(* ($q$-Genocchi triangle) Let $q$ be a nonzero real number with $q\neq-1$. Define numbers $b(m,k)=b(m,k,q)$ as follows: $b(0,1)=1$; $b(2n+1,0)=0$ for all $n\ge0$; $b(2n,n+1)=0$ for all $n\ge1$; for $n\ge0$ and $1\le k\le n+1$, $$b(2n+1,k)=q^{2k-2}b(2n+1,k-1)+(1+q^{2k-1})b(2n,k);$$ and for $n\ge1$ and $1\le k\le n$, $$b(2n,k)=q^{1-2k}\big(b(2n,k+1)+(1+q^{2k})b(2n-1,k)\big).$$ (In particular $b(1,1)=1+q$.) Then for every $n\ge1$, $$b(2n-1,n)=\lambda\big((-1)^{n-1}U_{2n-1}(1,s,q)\big)=(-q;q)_{2n-1}\,G_{2n}(q).$$
   Context: $U_{-1}=0$, $U_0=1$, $U_n(x,s,q)=(1+q^{n})x\,U_{n-1}(x,s,q)+q^{n-1}s\,U_{n-2}(x,s,q)$ for $n\ge1$. Since $U_{2n}(1,s,q)$ is a polynomial in $s$ of degree $n$, the polynomials $U_{2n}(1,s,q)$, $n\ge0$, form a basis of the polynomials in $s$; $\lambda$ is the linear functional on polynomials in $s$ with $\lambda(U_{2n}(1,s,q))=[n=0]$. Notation: $[m]=1+q+\cdots+q^{m-1}$, $[m]!=[1]\cdots[m]$; $(-q;q)_m=(1+q)(1+q^2)\cdots(1+q^m)$. With $e(z)=\sum_{m\ge0}z^m/[m]!$, the $q$-Genocchi numbers $G_{2m}(q)$, $m\ge1$, are defined by $z\frac{e(z)-e(-z)}{e(z)+e(-z)}=\sum_{m\ge1}\frac{(-1)^{m-1}G_{2m}(q)(-q;q)_{2m-1}}{[2m]!}z^{2m}$. *)

theory Defs
  imports "HOL-Computational_Algebra.Polynomial" "HOL-Computational_Algebra.Formal_Power_Series"
begin

text \<open>U_n(x,s,q) as a polynomial in s (real coefficients), for given reals q and x.
  Index shift: Upol q x n = U_n, with U_{-1} = 0 built into the case n = 1.\<close>
fun Upol :: "real \<Rightarrow> real \<Rightarrow> nat \<Rightarrow> real poly" where
  "Upol q x 0 = 1"
| "Upol q x (Suc 0) = smult ((1 + q) * x) 1"
| "Upol q x (Suc (Suc n)) =
     smult ((1 + q ^ (n + 2)) * x) (Upol q x (Suc n)) + smult (q ^ (n + 1)) ([:0, 1:] * Upol q x n)"

definition qlambda :: "real \<Rightarrow> real poly \<Rightarrow> real" where
  "qlambda q = (SOME L. (\<forall>p r. L (p + r) = L p + L r) \<and> (\<forall>c p. L (smult c p) = c * L p)
                 \<and> (\<forall>n. L (Upol q 1 (2 * n)) = (if n = 0 then 1 else 0)))"

definition qint :: "real \<Rightarrow> nat \<Rightarrow> real" where
  "qint q m = (\<Sum>i<m. q ^ i)"

definition qfact :: "real \<Rightarrow> nat \<Rightarrow> real" where
  "qfact q m = (\<Prod>i=1..m. qint q i)"

definition qpoch_neg :: "real \<Rightarrow> nat \<Rightarrow> real" where
  "qpoch_neg q m = (\<Prod>i=1..m. 1 + q ^ i)"

definition qexp :: "real \<Rightarrow> real fps" where
  "qexp q = Abs_fps (\<lambda>m. 1 / qfact q m)"

definition qexp_neg :: "real \<Rightarrow> real fps" where
  "qexp_neg q = Abs_fps (\<lambda>m. (-1) ^ m / qfact q m)"

text \<open>q-Genocchi numbers: from z (e(z)-e(-z))/(e(z)+e(-z)) = sum_{m>=1} (-1)^(m-1) G_{2m}(q) (-q;q)_{2m-1} z^{2m} / [2m]!.
  qGenocchi q m stands for G_{2m}(q).\<close>
definition qGenocchi :: "real \<Rightarrow> nat \<Rightarrow> real" where
  "qGenocchi q m =
     (-1) ^ (m - 1) * qfact q (2 * m) / qpoch_neg q (2 * m - 1)
     * fps_nth (fps_X * (qexp q - qexp_neg q) * inverse (qexp q + qexp_neg q)) (2 * m)"

end

theory Submission
  imports Defs
begin

(*
  Under lambda, the entry b(2n,k) is the image of (-1)^n s^(n+1-k) U_(2k-2) and b(2n+1,k) that of
  (-1)^n s^(n+1-k) U_(2k-1): the recurrences defining b are the three-term recurrence of U, and the
  boundary values come from lambda(U_(2n)) = [n = 0].  The diagonal entry is then lambda((-1)^(n-1) U_(2n-1)).

  For the Genocchi numbers, the recurrence of U turns A(z) = sum_n (-1)^n U_(n-1) z^n / [n]! into a
  q-difference equation under which A(z) e(z) has vanishing even coefficients.  Applying lambda to these
  coefficients gives a unitriangular linear system for lambda(U_(2k-1)) / [2k]!.  The odd coefficients of
  T(z) = (e(z) - e(-z)) / (e(z) + e(-z)) solve the same system, as one sees by comparing odd coefficients
  in e(z) - e(-z) = T(z) (e(z) + e(-z)).
*)

unbundle fps_syntax

lemma qint_geometric: "(q - 1) * qint q n = q ^ n - 1"
  by (induction n) (auto simp: qint_def algebra_simps)

lemma qint_nonzero:
  fixes q :: real
  assumes "q \<noteq> -1" "n \<noteq> 0"
  shows "qint q n \<noteq> 0"
proof
  assume "qint q n = 0"
  show False
  proof (cases "q = 1")
    case True
    with \<open>qint q n = 0\<close> \<open>n \<noteq> 0\<close> show False by (simp add: qint_def)
  next
    case False
    with \<open>qint q n = 0\<close> have "q ^ n = 1" using qint_geometric[of q n] by simp
    then have "\<bar>q\<bar> = 1" using \<open>n \<noteq> 0\<close> power_eq_1_iff[of q n] by simp
    with False \<open>q \<noteq> -1\<close> show False by (simp add: abs_if split: if_splits)
  qed
qed

lemma qfact_0 [simp]: "qfact q 0 = 1"
  by (simp add: qfact_def)

lemma qfact_Suc: "qfact q (Suc n) = qfact q n * qint q (Suc n)"
  by (simp add: qfact_def prod.nat_ivl_Suc' mult.commute)

lemma qfact_nonzero:
  fixes q :: real
  assumes "q \<noteq> -1"
  shows "qfact q n \<noteq> 0"
  using qint_nonzero[OF assms] by (induction n) (simp_all add: qfact_Suc)

lemma qpoch_neg_nonzero:
  fixes q :: real
  assumes "q \<noteq> -1"
  shows "qpoch_neg q n \<noteq> 0"
proof
  assume "qpoch_neg q n = 0"
  then obtain i where "1 \<le> i" "q ^ i = -1"
    unfolding qpoch_neg_def by (auto simp: add_eq_0_iff)
  then have "q ^ (2 * i) = 1" "2 * i \<noteq> 0"
    by (simp_all add: power_mult power_mult_distrib[symmetric] mult.commute[of 2])
  then have "\<bar>q\<bar> = 1" using power_eq_1_iff[of q "2 * i"] by simp
  with \<open>q ^ i = -1\<close> assms show False by (auto simp: abs_if split: if_splits)
qed

lemma degree_Upol_le: "degree (Upol q x n) \<le> n div 2"
proof (induction q x n rule: Upol.induct)
  case (3 q x n)
  have "degree (smult ((1 + q ^ (n + 2)) * x) (Upol q x (Suc n))) \<le> Suc (Suc n) div 2"
    using degree_smult_le[of _ "Upol q x (Suc n)"] 3(1) by (meson div_le_mono le_Suc_eq order_trans)
  moreover have "degree (smult (q ^ (n + 1)) ([:0, 1:] * Upol q x n)) \<le> Suc (Suc n) div 2"
    using degree_smult_le[of _ "pCons 0 (Upol q x n)"] degree_pCons_le[of 0 "Upol q x n"] 3(2)
    by simp
  ultimately show ?case
    by (simp only: Upol.simps) (rule degree_add_le)
qed auto

lemma coeff_Upol_even_nonzero:
  assumes "q \<noteq> 0"
  shows "coeff (Upol q 1 (2 * n)) n \<noteq> 0"
proof (induction n)
  case (Suc n)
  have "coeff (Upol q 1 (Suc (2 * n))) (Suc n) = 0"
    using degree_Upol_le[of q 1 "Suc (2 * n)"] by (intro coeff_eq_0) auto
  with Suc assms show ?case by simp
qed simp

section \<open>The functional lambda\<close>

text \<open>If degree (P n) = n for all n, the P n form a basis. The functional taking the coordinate
  along P 0 is determined by its moments, its values on the monomials s^i, which are solved for
  recursively from the conditions on P 1, P 2, \<dots>\<close>
function dual_moment :: "(nat \<Rightarrow> 'a::field poly) \<Rightarrow> nat \<Rightarrow> 'a" where
  "dual_moment P n =
     (if n = 0 then 1 / coeff (P 0) 0
      else - (\<Sum>i<n. coeff (P n) i * dual_moment P i) / coeff (P n) n)"
  by auto
termination by (relation "measure snd") auto

declare dual_moment.simps [simp del]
##############################
• _EXERCISE BRIEF_: Which lines of the data hold the string "definition"? Return each of them.

• _FINAL ANSWER_:
definition qlambda :: "real \<Rightarrow> real poly \<Rightarrow> real" where
definition qint :: "real \<Rightarrow> nat \<Rightarrow> real" where
definition qfact :: "real \<Rightarrow> nat \<Rightarrow> real" where
definition qpoch_neg :: "real \<Rightarrow> nat \<Rightarrow> real" where
definition qexp :: "real \<Rightarrow> real fps" where
definition qexp_neg :: "real \<Rightarrow> real fps" where
definition qGenocchi :: "real \<Rightarrow> nat \<Rightarrow> real" where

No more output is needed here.